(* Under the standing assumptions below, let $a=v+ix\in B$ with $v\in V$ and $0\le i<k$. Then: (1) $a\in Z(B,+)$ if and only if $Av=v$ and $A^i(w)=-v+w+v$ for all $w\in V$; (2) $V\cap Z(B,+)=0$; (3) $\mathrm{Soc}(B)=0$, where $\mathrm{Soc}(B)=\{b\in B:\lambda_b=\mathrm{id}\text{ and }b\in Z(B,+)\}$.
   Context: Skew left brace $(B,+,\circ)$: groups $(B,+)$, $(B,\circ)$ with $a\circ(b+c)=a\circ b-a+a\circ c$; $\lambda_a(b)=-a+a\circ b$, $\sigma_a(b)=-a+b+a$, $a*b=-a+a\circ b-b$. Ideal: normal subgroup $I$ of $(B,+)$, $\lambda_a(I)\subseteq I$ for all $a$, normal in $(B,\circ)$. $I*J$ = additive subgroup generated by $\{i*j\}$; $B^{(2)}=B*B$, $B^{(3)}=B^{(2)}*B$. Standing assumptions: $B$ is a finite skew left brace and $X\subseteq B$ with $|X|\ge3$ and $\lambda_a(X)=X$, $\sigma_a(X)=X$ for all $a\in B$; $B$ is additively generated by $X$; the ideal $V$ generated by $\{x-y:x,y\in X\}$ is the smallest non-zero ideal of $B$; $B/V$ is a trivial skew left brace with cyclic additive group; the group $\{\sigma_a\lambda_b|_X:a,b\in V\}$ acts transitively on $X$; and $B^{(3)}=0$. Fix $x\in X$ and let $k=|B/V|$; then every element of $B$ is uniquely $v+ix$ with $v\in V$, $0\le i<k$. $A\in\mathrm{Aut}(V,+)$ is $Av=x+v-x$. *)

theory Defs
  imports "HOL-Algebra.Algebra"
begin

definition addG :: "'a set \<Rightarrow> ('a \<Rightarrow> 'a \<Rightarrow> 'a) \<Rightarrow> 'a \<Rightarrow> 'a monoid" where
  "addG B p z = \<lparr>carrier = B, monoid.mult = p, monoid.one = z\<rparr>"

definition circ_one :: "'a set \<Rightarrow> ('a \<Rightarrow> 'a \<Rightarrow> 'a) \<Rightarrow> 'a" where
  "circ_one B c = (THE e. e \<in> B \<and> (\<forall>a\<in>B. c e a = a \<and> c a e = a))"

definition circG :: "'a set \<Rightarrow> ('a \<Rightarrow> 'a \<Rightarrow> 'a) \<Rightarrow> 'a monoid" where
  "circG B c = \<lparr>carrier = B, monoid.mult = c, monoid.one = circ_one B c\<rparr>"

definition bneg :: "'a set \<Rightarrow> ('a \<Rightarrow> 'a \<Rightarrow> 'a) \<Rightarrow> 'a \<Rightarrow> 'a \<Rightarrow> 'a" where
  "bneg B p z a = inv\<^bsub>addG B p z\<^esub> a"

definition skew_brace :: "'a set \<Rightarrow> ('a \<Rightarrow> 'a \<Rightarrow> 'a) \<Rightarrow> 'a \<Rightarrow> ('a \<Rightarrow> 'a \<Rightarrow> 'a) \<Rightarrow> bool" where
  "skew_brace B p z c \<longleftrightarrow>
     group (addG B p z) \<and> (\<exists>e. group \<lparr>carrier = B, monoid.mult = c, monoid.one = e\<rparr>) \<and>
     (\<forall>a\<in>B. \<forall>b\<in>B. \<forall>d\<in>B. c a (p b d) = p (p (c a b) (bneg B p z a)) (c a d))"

________________________

- [Directions for this task]: Return, from the material above, every line with the word "bneg".

- [Your response]:
definition bneg :: "'a set \<Rightarrow> ('a \<Rightarrow> 'a \<Rightarrow> 'a) \<Rightarrow> 'a \<Rightarrow> 'a \<Rightarrow> 'a" where
  "bneg B p z a = inv\<^bsub>addG B p z\<^esub> a"
     (\<forall>a\<in>B. \<forall>b\<in>B. \<forall>d\<in>B. c a (p b d) = p (p (c a b) (bneg B p z a)) (c a d))"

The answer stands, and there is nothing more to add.